▸ About this exercise
Lines outside the range are not wanted. Give again exactly the lines between the line holding "qed (simp add: nonneg_supp_conv)" and the line holding "definition PhiP :: qubit2", inclusive, from the listing below.

▸ Materials provided
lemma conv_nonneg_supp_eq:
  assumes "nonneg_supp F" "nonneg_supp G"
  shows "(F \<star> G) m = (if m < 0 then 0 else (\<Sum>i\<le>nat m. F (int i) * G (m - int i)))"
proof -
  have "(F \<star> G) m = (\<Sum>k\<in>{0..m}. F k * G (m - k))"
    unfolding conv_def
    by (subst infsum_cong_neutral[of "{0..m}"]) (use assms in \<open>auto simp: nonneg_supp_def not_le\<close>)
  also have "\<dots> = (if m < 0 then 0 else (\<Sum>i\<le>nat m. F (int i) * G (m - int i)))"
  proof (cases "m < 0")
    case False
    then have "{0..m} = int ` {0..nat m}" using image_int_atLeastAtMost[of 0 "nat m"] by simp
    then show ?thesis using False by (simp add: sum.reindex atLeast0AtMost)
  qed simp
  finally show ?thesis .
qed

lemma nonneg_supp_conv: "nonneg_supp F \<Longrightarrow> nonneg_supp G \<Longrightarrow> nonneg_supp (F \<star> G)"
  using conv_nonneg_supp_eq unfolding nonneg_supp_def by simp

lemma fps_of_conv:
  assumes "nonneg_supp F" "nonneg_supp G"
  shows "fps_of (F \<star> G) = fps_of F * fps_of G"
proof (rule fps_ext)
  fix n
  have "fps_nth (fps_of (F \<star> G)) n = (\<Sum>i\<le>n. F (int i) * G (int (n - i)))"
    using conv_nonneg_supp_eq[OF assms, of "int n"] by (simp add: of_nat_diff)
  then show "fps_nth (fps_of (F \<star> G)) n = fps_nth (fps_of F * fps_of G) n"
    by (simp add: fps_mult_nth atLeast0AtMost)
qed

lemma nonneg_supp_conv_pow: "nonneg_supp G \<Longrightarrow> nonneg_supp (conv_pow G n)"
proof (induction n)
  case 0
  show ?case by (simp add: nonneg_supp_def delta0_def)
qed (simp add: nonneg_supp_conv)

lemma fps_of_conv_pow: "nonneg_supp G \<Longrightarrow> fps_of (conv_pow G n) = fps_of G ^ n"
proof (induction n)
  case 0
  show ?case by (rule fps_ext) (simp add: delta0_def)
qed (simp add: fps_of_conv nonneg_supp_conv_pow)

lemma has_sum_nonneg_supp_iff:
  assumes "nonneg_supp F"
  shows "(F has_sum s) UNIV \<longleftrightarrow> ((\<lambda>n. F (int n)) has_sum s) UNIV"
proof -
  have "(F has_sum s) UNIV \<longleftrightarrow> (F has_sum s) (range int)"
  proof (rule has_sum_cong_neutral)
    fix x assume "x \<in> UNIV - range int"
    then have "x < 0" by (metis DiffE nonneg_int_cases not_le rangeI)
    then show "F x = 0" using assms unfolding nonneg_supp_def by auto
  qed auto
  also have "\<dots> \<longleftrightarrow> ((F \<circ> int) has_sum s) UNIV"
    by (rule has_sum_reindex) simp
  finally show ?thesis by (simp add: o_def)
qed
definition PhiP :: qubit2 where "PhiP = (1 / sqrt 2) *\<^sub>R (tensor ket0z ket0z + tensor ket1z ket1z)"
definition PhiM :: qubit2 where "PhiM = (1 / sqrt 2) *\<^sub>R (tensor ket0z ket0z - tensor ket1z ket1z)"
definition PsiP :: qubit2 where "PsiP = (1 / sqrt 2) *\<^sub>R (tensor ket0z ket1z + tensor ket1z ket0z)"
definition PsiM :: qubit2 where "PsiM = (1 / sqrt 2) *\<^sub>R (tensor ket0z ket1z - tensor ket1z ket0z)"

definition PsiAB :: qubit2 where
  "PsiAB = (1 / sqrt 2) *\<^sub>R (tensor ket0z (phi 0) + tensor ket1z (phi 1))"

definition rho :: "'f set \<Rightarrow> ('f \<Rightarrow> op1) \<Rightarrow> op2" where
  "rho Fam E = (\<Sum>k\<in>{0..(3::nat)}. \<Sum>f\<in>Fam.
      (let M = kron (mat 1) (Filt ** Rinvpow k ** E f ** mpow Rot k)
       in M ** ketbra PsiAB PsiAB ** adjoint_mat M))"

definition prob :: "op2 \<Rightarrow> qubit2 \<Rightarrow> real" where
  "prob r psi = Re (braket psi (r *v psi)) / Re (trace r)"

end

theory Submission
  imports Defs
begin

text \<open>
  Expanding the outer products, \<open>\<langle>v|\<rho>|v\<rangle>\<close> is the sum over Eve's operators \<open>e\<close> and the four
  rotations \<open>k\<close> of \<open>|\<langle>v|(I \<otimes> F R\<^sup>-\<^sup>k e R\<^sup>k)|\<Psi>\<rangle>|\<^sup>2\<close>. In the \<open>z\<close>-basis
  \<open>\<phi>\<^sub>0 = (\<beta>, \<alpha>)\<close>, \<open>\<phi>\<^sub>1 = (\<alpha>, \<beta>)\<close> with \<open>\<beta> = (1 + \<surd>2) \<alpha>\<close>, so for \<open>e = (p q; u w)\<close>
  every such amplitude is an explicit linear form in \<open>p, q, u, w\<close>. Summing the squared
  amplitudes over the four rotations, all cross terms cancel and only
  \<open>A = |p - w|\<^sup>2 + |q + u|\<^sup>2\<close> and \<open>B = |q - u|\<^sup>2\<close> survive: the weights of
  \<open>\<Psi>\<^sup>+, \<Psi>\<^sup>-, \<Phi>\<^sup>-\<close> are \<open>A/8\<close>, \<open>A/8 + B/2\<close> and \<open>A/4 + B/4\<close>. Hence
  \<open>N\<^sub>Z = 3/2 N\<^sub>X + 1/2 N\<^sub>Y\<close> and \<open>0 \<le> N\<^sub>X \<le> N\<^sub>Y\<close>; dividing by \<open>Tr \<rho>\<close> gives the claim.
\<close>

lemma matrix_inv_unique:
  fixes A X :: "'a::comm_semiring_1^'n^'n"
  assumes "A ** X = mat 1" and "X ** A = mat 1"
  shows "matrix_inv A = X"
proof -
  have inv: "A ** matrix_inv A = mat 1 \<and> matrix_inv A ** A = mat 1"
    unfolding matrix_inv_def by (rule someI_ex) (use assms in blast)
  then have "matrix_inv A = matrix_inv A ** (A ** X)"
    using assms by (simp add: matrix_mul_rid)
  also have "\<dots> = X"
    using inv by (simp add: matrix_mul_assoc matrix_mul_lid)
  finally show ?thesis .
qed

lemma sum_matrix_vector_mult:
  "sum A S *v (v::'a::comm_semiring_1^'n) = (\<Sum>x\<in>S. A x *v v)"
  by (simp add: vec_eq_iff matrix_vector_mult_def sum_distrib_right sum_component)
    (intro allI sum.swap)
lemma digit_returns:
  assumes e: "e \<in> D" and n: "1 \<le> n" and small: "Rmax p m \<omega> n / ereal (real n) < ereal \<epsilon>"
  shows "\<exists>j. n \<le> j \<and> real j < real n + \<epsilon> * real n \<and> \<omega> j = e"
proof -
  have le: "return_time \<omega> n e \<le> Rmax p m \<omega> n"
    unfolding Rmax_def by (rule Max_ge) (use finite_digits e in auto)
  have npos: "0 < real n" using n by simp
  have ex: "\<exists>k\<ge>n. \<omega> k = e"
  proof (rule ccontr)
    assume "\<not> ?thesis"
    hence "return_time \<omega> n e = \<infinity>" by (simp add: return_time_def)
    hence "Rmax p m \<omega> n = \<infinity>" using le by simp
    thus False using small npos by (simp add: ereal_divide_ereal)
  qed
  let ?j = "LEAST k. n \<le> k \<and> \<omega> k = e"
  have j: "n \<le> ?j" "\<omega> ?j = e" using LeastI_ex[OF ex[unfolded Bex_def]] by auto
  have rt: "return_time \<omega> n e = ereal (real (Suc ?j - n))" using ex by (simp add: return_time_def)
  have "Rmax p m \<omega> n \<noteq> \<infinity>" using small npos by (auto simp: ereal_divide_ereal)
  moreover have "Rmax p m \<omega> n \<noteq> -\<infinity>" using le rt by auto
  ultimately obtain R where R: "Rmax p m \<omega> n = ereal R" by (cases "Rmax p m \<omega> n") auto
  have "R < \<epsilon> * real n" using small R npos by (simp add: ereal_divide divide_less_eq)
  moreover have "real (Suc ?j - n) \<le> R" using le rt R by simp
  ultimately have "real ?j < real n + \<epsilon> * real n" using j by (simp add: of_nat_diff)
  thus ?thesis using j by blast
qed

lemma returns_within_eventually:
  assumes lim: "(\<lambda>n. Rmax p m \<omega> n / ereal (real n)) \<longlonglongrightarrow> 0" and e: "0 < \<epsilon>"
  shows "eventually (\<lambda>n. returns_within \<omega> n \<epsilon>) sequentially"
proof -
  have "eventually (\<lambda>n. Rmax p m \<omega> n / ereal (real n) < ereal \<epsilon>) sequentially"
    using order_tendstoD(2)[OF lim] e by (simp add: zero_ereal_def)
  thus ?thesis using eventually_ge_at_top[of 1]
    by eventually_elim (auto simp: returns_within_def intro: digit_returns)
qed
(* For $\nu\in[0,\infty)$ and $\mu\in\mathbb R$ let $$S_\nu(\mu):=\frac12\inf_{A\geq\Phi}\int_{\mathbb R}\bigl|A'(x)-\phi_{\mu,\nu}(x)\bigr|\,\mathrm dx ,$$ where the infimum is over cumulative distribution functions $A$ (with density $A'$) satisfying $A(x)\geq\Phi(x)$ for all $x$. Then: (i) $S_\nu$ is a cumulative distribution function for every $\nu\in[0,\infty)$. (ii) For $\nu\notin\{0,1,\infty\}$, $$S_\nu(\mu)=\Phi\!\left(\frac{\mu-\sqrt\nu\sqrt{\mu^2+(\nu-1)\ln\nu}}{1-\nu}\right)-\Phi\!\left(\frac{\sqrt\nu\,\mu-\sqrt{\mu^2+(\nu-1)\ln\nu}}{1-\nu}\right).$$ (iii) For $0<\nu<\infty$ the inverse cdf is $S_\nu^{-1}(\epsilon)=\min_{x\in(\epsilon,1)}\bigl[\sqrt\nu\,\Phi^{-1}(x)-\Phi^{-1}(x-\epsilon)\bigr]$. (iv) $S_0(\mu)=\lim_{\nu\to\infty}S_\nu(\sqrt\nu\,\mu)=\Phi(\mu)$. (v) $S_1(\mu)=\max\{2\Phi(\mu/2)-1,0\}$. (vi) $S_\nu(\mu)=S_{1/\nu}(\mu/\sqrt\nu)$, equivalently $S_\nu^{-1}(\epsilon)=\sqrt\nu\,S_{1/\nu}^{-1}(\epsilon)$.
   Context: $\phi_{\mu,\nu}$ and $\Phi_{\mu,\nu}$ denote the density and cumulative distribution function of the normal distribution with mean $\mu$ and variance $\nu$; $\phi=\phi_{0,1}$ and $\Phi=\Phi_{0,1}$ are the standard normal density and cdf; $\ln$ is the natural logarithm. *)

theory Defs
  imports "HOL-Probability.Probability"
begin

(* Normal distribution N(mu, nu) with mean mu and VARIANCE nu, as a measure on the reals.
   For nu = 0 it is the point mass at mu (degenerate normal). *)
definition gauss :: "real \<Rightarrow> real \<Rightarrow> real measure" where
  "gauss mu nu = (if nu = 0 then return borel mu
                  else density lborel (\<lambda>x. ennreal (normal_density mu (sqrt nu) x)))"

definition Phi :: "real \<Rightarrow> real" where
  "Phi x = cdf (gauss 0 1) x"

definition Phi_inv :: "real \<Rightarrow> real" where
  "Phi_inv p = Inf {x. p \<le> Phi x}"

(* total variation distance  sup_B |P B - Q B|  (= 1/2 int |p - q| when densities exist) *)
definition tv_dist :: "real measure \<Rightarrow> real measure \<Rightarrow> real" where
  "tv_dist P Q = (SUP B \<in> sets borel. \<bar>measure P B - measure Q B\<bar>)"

▸ Result below
qed (simp add: nonneg_supp_conv)

lemma fps_of_conv_pow: "nonneg_supp G \<Longrightarrow> fps_of (conv_pow G n) = fps_of G ^ n"
proof (induction n)
  case 0
  show ?case by (rule fps_ext) (simp add: delta0_def)
qed (simp add: fps_of_conv nonneg_supp_conv_pow)

lemma has_sum_nonneg_supp_iff:
  assumes "nonneg_supp F"
  shows "(F has_sum s) UNIV \<longleftrightarrow> ((\<lambda>n. F (int n)) has_sum s) UNIV"
proof -
  have "(F has_sum s) UNIV \<longleftrightarrow> (F has_sum s) (range int)"
  proof (rule has_sum_cong_neutral)
    fix x assume "x \<in> UNIV - range int"
    then have "x < 0" by (metis DiffE nonneg_int_cases not_le rangeI)
    then show "F x = 0" using assms unfolding nonneg_supp_def by auto
  qed auto
  also have "\<dots> \<longleftrightarrow> ((F \<circ> int) has_sum s) UNIV"
    by (rule has_sum_reindex) simp
  finally show ?thesis by (simp add: o_def)
qed
definition PhiP :: qubit2 where "PhiP = (1 / sqrt 2) *\<^sub>R (tensor ket0z ket0z + tensor ket1z ket1z)"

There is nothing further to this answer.